::: SOURCE INFORMATION
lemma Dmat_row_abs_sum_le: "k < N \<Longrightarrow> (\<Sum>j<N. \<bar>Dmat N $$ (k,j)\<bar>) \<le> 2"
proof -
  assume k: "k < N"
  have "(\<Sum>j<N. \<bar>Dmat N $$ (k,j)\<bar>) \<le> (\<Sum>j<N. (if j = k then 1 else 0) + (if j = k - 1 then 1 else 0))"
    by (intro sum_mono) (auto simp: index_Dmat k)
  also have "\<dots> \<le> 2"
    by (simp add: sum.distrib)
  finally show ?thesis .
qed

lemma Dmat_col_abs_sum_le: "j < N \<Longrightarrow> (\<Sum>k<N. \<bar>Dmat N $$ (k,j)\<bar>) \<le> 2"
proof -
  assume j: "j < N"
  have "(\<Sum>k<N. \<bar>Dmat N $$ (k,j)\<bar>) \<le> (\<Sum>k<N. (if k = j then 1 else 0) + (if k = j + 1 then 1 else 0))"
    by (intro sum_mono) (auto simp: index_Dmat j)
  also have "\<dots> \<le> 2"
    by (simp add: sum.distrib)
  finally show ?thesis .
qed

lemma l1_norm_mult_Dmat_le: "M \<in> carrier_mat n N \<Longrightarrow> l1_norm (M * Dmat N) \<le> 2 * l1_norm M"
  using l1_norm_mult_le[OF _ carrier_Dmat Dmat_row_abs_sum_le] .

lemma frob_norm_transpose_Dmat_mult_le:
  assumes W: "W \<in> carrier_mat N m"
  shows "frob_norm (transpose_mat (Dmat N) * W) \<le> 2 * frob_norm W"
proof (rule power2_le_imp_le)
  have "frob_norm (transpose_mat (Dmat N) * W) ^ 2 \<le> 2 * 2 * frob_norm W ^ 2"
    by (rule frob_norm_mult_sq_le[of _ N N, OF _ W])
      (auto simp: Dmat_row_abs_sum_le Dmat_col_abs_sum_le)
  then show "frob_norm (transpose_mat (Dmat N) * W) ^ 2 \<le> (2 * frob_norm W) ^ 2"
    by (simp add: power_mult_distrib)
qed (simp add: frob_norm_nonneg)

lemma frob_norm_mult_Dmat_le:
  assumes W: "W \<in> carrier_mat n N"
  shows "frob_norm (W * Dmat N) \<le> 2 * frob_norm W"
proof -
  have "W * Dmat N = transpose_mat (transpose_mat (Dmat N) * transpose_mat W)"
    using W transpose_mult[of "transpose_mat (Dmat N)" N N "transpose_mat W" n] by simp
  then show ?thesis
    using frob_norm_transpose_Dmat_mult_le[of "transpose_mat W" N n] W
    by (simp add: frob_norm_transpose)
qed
::::::
Those lines from the one with "(k,j)\<bar>) \<le> (\<Sum>k<N." through the last line of the material above are to be retyped exactly, with nothing else.

  have "(\<Sum>k<N. \<bar>Dmat N $$ (k,j)\<bar>) \<le> (\<Sum>k<N. (if k = j then 1 else 0) + (if k = j + 1 then 1 else 0))"
    by (intro sum_mono) (auto simp: index_Dmat j)
  also have "\<dots> \<le> 2"
    by (simp add: sum.distrib)
  finally show ?thesis .
qed

lemma l1_norm_mult_Dmat_le: "M \<in> carrier_mat n N \<Longrightarrow> l1_norm (M * Dmat N) \<le> 2 * l1_norm M"
  using l1_norm_mult_le[OF _ carrier_Dmat Dmat_row_abs_sum_le] .

lemma frob_norm_transpose_Dmat_mult_le:
  assumes W: "W \<in> carrier_mat N m"
  shows "frob_norm (transpose_mat (Dmat N) * W) \<le> 2 * frob_norm W"
proof (rule power2_le_imp_le)
  have "frob_norm (transpose_mat (Dmat N) * W) ^ 2 \<le> 2 * 2 * frob_norm W ^ 2"
    by (rule frob_norm_mult_sq_le[of _ N N, OF _ W])
      (auto simp: Dmat_row_abs_sum_le Dmat_col_abs_sum_le)
  then show "frob_norm (transpose_mat (Dmat N) * W) ^ 2 \<le> (2 * frob_norm W) ^ 2"
    by (simp add: power_mult_distrib)
qed (simp add: frob_norm_nonneg)

lemma frob_norm_mult_Dmat_le:
  assumes W: "W \<in> carrier_mat n N"
  shows "frob_norm (W * Dmat N) \<le> 2 * frob_norm W"
proof -
  have "W * Dmat N = transpose_mat (transpose_mat (Dmat N) * transpose_mat W)"
    using W transpose_mult[of "transpose_mat (Dmat N)" N N "transpose_mat W" n] by simp
  then show ?thesis
    using frob_norm_transpose_Dmat_mult_le[of "transpose_mat W" N n] W
    by (simp add: frob_norm_transpose)
qed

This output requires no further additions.